Exercise objective >> Your task is to filter the entries and copy every line containing the string "moreover".
==========
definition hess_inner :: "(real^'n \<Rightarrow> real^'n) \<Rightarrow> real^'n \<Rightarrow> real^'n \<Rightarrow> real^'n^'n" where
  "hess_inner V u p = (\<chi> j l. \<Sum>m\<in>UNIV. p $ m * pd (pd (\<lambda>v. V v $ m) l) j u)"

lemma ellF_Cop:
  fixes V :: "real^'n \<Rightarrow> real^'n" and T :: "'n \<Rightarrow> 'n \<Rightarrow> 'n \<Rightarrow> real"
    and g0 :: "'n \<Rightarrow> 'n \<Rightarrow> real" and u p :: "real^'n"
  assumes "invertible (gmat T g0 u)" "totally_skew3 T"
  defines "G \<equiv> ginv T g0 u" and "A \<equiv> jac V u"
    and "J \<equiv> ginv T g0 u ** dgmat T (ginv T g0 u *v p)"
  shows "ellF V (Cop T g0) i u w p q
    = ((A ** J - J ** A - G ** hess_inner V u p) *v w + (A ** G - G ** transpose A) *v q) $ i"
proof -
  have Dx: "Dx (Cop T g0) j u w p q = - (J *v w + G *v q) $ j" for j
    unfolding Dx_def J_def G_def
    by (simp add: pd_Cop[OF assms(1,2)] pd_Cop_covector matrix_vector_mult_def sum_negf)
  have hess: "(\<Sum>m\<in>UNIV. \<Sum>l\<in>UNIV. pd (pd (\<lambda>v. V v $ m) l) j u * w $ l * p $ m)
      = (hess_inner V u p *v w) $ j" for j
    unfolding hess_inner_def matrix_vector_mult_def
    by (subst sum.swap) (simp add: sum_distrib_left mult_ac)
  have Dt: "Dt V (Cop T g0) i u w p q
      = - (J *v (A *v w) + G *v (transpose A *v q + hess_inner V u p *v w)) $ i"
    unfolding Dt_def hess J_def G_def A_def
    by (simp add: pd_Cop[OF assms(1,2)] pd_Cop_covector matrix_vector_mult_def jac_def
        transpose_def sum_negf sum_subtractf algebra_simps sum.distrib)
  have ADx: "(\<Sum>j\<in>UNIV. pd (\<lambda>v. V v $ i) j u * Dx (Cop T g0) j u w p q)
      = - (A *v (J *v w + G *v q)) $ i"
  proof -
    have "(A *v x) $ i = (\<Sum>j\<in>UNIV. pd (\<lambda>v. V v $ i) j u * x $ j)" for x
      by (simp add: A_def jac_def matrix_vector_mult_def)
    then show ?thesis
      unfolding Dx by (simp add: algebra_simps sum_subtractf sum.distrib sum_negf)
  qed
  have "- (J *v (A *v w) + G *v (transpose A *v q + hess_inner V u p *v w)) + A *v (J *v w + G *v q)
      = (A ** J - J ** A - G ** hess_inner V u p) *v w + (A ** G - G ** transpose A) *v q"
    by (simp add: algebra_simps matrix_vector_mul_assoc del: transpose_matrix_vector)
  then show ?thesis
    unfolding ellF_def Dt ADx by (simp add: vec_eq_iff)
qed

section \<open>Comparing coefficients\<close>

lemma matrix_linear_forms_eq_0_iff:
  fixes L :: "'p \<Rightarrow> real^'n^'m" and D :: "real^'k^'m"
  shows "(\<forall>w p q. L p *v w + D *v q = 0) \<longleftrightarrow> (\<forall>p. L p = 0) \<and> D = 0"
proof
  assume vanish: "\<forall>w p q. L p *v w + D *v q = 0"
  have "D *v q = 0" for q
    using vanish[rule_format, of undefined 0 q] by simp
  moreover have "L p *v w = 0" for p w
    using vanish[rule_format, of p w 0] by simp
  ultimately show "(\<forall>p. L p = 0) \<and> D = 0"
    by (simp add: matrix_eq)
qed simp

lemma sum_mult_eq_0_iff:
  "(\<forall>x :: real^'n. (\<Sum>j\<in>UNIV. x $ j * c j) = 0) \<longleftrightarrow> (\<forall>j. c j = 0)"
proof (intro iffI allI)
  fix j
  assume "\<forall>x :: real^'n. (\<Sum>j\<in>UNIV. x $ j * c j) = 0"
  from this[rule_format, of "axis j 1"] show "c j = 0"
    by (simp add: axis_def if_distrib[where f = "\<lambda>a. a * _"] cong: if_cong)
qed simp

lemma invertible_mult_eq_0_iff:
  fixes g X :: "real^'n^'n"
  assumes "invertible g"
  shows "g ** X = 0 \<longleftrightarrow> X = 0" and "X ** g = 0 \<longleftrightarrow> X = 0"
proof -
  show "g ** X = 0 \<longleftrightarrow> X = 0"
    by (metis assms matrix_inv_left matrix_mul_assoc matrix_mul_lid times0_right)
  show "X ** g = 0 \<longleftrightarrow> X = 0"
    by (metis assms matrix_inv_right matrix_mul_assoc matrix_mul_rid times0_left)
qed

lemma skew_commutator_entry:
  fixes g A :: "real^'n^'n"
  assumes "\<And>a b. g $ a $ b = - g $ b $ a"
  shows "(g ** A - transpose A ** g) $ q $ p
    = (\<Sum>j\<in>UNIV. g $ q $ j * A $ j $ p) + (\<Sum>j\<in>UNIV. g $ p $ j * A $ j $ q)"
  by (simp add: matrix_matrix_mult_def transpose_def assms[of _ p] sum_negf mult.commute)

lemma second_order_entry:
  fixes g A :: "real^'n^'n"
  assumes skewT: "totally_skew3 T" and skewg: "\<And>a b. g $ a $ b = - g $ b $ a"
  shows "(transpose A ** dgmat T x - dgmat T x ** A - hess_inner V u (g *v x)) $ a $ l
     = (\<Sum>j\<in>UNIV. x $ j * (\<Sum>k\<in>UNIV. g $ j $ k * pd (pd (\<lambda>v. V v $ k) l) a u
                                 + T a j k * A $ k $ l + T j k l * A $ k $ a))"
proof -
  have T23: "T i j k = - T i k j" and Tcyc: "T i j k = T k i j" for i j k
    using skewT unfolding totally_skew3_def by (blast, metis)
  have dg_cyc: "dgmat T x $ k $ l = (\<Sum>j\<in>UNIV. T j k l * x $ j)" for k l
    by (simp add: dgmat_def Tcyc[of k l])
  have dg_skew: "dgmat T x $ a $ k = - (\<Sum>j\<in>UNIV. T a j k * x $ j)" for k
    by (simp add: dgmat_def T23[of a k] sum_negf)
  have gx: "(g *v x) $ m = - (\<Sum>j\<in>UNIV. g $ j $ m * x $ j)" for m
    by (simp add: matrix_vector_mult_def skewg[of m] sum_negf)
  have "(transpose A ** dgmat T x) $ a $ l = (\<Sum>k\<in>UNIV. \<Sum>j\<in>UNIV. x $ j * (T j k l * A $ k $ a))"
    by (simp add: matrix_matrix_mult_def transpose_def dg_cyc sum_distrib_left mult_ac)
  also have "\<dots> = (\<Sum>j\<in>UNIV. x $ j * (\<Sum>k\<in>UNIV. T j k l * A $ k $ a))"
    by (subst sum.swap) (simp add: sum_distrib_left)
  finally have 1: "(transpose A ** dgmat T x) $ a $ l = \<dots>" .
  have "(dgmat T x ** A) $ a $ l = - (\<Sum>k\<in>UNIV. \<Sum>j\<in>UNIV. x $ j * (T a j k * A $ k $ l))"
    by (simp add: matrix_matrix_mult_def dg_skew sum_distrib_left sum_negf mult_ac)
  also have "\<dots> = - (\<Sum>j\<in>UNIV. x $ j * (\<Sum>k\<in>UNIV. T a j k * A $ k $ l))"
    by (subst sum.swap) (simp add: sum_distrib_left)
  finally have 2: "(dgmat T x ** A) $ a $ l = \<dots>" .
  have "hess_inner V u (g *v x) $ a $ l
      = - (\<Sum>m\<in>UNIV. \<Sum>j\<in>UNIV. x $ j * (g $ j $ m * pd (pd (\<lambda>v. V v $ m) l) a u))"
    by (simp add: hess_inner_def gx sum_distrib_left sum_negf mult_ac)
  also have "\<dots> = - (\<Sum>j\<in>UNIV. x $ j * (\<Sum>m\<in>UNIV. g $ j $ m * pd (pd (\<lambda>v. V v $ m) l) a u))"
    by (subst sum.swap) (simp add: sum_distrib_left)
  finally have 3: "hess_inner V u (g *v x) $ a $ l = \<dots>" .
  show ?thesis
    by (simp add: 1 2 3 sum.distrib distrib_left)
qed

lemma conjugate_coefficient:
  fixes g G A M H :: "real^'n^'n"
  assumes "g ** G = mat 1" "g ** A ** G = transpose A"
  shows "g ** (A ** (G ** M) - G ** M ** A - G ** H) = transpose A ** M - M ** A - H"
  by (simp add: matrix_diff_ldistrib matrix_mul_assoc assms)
==========
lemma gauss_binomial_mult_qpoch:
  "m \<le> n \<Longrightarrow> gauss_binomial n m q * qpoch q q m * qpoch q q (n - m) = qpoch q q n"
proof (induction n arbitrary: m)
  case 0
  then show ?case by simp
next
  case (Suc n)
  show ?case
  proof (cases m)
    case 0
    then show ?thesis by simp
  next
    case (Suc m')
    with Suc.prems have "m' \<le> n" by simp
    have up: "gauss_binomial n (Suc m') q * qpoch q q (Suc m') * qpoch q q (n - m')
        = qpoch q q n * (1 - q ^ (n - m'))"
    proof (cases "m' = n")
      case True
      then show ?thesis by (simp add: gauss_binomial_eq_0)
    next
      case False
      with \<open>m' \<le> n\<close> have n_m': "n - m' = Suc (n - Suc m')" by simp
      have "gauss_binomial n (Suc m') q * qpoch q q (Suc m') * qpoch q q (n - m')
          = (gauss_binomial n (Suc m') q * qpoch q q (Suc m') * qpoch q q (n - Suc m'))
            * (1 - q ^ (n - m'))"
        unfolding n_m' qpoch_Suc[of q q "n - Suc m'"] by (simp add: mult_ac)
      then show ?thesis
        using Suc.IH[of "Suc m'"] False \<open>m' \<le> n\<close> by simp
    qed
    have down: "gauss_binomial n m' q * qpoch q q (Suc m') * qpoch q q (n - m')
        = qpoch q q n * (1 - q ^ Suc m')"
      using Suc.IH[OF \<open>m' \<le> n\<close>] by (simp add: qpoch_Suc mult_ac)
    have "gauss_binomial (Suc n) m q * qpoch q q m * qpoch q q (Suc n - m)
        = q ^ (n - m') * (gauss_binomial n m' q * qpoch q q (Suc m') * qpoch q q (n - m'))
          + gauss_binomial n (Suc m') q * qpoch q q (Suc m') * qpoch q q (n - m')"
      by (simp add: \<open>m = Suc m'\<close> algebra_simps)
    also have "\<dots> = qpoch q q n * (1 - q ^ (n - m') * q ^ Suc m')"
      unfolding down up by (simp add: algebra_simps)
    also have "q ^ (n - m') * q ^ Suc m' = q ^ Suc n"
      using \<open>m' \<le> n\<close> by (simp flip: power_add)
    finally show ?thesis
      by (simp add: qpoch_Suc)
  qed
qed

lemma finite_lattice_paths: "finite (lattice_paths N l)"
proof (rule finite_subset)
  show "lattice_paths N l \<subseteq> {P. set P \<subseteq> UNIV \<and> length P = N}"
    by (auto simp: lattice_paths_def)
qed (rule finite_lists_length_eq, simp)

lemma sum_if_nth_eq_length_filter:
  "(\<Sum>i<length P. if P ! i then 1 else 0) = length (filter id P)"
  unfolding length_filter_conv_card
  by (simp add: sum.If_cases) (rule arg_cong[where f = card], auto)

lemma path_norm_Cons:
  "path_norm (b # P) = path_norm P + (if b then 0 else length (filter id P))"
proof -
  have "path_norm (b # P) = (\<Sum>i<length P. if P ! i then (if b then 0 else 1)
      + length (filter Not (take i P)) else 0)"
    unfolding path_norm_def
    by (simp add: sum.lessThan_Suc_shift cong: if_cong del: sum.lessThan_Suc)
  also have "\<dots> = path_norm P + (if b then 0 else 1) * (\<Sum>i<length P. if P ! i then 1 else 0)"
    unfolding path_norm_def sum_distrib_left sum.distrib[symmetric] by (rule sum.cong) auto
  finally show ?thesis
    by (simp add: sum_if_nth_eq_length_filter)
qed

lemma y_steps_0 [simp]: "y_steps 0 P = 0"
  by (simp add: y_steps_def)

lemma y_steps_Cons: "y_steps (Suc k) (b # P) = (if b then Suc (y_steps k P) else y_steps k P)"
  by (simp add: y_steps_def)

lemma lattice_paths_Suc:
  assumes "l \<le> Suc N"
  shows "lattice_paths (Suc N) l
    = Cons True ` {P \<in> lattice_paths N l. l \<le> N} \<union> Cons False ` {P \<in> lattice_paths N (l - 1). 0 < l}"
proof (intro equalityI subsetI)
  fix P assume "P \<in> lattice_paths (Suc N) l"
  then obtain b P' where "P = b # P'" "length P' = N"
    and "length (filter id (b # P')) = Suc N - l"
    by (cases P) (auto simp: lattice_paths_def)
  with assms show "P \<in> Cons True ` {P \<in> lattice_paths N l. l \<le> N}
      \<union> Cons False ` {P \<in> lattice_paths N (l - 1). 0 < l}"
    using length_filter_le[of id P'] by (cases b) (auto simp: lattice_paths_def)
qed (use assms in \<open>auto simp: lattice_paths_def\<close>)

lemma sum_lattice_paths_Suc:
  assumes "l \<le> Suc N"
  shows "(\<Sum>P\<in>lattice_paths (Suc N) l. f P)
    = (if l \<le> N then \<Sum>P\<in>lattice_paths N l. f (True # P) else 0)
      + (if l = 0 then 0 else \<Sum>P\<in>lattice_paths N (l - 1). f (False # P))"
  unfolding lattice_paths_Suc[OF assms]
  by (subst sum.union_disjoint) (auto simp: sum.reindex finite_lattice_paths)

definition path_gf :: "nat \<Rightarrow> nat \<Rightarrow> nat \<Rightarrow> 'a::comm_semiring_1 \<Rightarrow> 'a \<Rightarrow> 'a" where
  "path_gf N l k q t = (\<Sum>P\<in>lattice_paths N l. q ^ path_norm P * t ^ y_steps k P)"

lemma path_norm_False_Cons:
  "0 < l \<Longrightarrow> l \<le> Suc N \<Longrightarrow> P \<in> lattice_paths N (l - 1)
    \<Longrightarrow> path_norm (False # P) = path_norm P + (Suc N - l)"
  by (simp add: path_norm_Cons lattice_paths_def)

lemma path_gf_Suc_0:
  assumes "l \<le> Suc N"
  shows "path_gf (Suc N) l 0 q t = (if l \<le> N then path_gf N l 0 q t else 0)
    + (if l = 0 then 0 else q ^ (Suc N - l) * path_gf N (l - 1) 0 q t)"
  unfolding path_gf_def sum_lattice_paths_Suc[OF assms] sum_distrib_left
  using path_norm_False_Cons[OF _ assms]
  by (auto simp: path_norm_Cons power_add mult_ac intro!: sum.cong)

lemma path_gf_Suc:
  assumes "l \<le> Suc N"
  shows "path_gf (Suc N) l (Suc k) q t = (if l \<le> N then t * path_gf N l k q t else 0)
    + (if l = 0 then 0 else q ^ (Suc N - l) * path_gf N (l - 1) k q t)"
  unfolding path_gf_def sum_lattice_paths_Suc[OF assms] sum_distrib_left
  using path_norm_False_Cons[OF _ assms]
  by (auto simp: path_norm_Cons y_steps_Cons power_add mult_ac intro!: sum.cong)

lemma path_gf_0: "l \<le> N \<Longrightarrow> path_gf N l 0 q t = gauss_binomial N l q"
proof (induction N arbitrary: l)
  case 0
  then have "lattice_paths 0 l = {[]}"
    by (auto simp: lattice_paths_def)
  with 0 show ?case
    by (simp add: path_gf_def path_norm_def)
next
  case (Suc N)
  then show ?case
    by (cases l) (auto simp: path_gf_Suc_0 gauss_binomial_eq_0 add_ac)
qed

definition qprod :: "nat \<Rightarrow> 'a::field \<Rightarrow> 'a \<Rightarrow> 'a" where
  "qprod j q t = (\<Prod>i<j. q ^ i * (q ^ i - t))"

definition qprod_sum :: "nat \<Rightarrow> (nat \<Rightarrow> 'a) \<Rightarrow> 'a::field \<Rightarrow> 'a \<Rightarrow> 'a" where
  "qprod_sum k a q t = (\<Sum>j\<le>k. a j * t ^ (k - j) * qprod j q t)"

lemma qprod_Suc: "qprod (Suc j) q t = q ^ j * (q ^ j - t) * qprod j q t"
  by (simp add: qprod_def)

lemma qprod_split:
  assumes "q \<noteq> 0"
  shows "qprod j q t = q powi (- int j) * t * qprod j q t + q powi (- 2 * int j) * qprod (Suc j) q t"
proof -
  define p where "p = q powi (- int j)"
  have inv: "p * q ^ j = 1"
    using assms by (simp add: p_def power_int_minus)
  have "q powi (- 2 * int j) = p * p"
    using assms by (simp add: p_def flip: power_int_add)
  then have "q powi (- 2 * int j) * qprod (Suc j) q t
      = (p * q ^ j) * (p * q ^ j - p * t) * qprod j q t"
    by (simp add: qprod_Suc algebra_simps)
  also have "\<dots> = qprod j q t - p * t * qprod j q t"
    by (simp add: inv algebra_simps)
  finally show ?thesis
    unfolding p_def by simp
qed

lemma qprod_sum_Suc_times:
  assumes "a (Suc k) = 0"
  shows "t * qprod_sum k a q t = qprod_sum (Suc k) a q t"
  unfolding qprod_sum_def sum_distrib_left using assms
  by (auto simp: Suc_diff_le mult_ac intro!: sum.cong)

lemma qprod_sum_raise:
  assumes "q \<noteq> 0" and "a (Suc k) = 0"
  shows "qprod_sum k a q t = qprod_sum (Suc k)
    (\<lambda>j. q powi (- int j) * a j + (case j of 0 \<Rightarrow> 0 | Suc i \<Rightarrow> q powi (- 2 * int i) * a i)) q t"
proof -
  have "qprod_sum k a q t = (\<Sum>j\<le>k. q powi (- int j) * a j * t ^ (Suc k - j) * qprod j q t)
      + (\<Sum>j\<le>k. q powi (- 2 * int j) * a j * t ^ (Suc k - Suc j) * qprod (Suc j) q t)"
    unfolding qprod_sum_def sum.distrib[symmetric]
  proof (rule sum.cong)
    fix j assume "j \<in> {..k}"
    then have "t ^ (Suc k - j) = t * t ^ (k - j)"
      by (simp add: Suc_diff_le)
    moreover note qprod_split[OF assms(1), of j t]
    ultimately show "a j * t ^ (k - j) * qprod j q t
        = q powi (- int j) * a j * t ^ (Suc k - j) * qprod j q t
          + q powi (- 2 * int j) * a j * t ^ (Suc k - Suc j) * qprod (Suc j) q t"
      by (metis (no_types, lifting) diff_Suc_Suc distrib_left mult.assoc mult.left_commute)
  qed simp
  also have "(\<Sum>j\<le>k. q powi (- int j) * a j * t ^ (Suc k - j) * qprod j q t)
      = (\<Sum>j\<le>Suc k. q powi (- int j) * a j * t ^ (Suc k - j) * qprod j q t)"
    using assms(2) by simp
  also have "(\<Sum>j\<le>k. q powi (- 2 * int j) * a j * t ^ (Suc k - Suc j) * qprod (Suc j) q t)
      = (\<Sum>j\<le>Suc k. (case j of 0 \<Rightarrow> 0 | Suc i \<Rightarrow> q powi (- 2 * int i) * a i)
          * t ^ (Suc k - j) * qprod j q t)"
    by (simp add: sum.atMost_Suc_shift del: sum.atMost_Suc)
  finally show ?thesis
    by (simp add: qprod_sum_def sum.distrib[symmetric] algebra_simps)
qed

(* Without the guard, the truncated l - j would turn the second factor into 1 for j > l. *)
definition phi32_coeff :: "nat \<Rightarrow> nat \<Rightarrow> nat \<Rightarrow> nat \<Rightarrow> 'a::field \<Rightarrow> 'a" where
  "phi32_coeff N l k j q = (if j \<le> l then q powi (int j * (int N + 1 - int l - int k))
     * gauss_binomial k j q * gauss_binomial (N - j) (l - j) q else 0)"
==========
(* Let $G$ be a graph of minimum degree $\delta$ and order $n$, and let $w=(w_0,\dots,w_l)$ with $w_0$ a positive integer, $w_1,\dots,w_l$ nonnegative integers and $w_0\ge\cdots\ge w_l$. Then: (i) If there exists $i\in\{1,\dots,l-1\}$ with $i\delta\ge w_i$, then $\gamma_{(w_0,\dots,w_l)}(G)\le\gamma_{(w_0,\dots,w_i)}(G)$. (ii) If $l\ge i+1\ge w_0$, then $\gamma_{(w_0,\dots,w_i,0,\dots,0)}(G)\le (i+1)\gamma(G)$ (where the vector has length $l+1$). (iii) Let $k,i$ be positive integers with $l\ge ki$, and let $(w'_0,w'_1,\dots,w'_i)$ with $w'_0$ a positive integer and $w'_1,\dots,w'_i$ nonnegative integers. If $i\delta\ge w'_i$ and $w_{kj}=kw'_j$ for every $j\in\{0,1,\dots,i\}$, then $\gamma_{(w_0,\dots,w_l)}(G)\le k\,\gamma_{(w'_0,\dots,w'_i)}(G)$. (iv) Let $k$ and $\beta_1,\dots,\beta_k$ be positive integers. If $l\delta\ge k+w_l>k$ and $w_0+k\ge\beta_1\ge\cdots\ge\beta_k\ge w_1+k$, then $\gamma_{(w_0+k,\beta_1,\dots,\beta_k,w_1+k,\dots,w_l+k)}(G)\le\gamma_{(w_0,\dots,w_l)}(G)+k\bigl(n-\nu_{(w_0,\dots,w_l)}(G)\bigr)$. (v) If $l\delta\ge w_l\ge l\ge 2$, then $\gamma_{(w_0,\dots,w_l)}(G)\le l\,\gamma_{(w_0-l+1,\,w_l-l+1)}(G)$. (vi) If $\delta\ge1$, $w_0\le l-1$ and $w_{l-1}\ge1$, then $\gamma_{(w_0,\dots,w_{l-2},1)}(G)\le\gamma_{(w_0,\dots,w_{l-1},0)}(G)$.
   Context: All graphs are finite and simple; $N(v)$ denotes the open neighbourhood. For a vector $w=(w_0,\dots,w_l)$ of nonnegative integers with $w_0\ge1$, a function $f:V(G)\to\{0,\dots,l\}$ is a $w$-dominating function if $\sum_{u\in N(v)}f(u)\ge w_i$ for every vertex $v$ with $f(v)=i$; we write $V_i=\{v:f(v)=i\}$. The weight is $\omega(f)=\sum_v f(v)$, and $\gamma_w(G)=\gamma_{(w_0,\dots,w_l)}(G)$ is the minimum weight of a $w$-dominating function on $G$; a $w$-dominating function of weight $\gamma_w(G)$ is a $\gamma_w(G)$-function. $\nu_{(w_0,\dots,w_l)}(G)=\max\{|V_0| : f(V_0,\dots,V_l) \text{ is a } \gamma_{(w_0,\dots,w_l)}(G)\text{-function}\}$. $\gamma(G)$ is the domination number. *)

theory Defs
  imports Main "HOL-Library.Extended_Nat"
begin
==========
Solution for this task >>
  moreover have "L p *v w = 0" for p w
    moreover note qprod_split[OF assms(1), of j t]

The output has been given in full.